*** Opening of Information ***
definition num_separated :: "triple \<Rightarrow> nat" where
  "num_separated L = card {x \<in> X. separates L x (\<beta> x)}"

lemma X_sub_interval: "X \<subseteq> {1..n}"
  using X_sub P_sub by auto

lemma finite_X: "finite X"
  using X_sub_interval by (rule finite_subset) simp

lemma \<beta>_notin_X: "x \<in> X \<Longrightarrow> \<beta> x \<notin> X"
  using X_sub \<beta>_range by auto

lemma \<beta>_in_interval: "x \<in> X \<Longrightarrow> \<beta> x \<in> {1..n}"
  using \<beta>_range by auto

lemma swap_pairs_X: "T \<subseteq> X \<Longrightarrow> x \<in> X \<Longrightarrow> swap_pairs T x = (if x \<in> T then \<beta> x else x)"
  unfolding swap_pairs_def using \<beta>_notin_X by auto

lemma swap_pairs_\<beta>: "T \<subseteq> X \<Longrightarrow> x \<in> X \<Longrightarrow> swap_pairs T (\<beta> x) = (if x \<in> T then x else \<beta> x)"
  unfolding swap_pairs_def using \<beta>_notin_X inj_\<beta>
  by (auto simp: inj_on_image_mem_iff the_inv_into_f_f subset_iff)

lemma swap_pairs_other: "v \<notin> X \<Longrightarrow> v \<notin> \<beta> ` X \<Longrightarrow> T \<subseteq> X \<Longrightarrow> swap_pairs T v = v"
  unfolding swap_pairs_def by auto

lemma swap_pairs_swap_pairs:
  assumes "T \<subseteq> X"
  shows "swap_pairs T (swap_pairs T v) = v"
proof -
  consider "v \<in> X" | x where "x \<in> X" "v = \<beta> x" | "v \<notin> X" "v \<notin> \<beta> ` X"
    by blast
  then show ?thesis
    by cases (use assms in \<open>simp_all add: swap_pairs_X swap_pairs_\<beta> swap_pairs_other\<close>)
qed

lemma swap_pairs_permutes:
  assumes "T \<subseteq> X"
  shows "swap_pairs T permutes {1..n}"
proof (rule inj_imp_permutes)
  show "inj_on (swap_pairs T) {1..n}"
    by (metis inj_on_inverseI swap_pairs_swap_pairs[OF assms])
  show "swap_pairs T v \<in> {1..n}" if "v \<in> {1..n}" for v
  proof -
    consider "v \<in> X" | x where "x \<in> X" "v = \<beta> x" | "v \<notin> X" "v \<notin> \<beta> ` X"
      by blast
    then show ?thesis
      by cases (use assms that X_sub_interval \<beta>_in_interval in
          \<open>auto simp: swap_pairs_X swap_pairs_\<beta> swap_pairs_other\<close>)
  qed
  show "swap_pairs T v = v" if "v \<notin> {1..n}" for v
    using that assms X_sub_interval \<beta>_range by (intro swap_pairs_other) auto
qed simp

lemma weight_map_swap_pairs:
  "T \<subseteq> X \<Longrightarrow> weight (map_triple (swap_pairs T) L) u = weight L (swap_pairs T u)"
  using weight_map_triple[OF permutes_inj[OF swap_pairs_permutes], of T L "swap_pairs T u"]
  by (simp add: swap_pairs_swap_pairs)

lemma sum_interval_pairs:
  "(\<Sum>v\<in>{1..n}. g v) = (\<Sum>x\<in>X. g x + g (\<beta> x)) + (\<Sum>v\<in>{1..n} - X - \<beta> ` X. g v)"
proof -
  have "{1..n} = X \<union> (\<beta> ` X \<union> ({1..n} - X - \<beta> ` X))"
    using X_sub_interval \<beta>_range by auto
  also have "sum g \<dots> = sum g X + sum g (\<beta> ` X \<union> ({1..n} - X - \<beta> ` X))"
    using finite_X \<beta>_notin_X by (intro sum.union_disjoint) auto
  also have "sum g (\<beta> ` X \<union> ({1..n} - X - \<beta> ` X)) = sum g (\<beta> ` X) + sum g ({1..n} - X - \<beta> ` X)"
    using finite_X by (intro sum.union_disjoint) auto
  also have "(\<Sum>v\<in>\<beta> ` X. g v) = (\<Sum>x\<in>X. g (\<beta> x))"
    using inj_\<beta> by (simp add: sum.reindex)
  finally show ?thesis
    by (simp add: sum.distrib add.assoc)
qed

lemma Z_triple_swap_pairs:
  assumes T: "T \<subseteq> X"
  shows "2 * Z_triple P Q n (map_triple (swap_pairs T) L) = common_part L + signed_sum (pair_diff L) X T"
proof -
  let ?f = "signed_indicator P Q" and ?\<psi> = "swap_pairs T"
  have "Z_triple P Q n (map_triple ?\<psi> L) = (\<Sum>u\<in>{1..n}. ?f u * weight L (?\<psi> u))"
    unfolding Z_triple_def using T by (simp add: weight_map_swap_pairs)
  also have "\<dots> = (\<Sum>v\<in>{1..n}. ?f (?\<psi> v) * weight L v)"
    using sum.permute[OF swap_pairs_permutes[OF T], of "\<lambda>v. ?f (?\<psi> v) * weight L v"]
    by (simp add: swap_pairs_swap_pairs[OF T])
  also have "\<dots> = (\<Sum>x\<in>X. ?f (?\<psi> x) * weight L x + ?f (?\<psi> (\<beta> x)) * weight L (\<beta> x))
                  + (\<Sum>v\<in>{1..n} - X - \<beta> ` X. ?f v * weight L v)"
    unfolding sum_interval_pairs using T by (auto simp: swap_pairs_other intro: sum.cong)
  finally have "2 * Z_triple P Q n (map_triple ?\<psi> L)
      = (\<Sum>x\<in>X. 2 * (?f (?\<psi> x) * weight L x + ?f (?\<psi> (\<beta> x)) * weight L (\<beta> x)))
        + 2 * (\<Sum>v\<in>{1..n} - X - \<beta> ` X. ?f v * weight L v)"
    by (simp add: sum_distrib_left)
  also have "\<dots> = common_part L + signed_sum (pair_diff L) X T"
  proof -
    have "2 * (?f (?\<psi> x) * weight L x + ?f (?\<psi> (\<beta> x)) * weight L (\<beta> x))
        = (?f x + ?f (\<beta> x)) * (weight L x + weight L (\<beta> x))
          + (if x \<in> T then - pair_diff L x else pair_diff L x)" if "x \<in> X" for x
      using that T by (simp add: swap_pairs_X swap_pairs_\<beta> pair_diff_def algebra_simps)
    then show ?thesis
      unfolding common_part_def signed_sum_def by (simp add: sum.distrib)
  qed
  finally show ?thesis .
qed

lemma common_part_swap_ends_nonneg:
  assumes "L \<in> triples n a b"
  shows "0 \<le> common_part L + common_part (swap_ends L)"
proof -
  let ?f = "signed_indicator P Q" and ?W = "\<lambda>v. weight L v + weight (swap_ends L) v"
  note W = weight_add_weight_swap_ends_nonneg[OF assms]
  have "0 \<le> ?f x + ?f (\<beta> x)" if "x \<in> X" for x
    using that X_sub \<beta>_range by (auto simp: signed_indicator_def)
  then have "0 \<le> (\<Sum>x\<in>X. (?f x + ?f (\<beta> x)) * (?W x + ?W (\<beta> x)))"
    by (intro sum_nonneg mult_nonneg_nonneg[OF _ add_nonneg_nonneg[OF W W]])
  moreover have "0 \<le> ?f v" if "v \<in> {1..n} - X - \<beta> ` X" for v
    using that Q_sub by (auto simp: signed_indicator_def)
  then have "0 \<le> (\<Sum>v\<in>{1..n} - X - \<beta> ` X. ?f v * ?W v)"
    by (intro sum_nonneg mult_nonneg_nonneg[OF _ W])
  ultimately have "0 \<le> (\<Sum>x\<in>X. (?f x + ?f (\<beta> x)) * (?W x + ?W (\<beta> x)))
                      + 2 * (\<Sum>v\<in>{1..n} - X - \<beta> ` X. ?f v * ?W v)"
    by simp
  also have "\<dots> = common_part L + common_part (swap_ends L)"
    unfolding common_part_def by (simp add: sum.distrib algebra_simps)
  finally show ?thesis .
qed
*** Close of Information ***
*** Opening of Information ***
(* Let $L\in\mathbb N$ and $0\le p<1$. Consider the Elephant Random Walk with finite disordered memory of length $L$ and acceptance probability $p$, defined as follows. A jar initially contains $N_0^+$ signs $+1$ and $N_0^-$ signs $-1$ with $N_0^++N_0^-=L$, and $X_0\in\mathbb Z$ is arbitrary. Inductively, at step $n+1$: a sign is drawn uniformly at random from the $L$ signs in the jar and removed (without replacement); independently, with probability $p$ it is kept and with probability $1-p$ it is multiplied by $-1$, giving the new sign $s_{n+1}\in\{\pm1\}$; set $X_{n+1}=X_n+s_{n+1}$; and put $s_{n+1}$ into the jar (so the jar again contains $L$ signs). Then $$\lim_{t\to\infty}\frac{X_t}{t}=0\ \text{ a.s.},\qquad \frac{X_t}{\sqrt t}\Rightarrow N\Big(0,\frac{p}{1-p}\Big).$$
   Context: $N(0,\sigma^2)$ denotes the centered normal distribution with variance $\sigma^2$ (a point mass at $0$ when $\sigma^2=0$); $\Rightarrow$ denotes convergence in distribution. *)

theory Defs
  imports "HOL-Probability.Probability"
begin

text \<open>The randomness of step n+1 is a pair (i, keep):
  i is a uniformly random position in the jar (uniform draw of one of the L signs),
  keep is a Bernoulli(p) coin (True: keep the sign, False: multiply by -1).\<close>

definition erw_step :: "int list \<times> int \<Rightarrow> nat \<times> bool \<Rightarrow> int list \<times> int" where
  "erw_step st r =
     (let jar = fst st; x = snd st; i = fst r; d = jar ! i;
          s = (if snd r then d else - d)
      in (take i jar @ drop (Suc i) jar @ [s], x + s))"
*** Close of Information ***
## Your objective
Above are records; repeat only the lines starting at the line with "theory Defs" and ending at the line with "in (take i jar", exactly as they appear, both included.

## Task answer
theory Defs
  imports "HOL-Probability.Probability"
begin

text \<open>The randomness of step n+1 is a pair (i, keep):
  i is a uniformly random position in the jar (uniform draw of one of the L signs),
  keep is a Bernoulli(p) coin (True: keep the sign, False: multiply by -1).\<close>

definition erw_step :: "int list \<times> int \<Rightarrow> nat \<times> bool \<Rightarrow> int list \<times> int" where
  "erw_step st r =
     (let jar = fst st; x = snd st; i = fst r; d = jar ! i;
          s = (if snd r then d else - d)
      in (take i jar @ drop (Suc i) jar @ [s], x + s))"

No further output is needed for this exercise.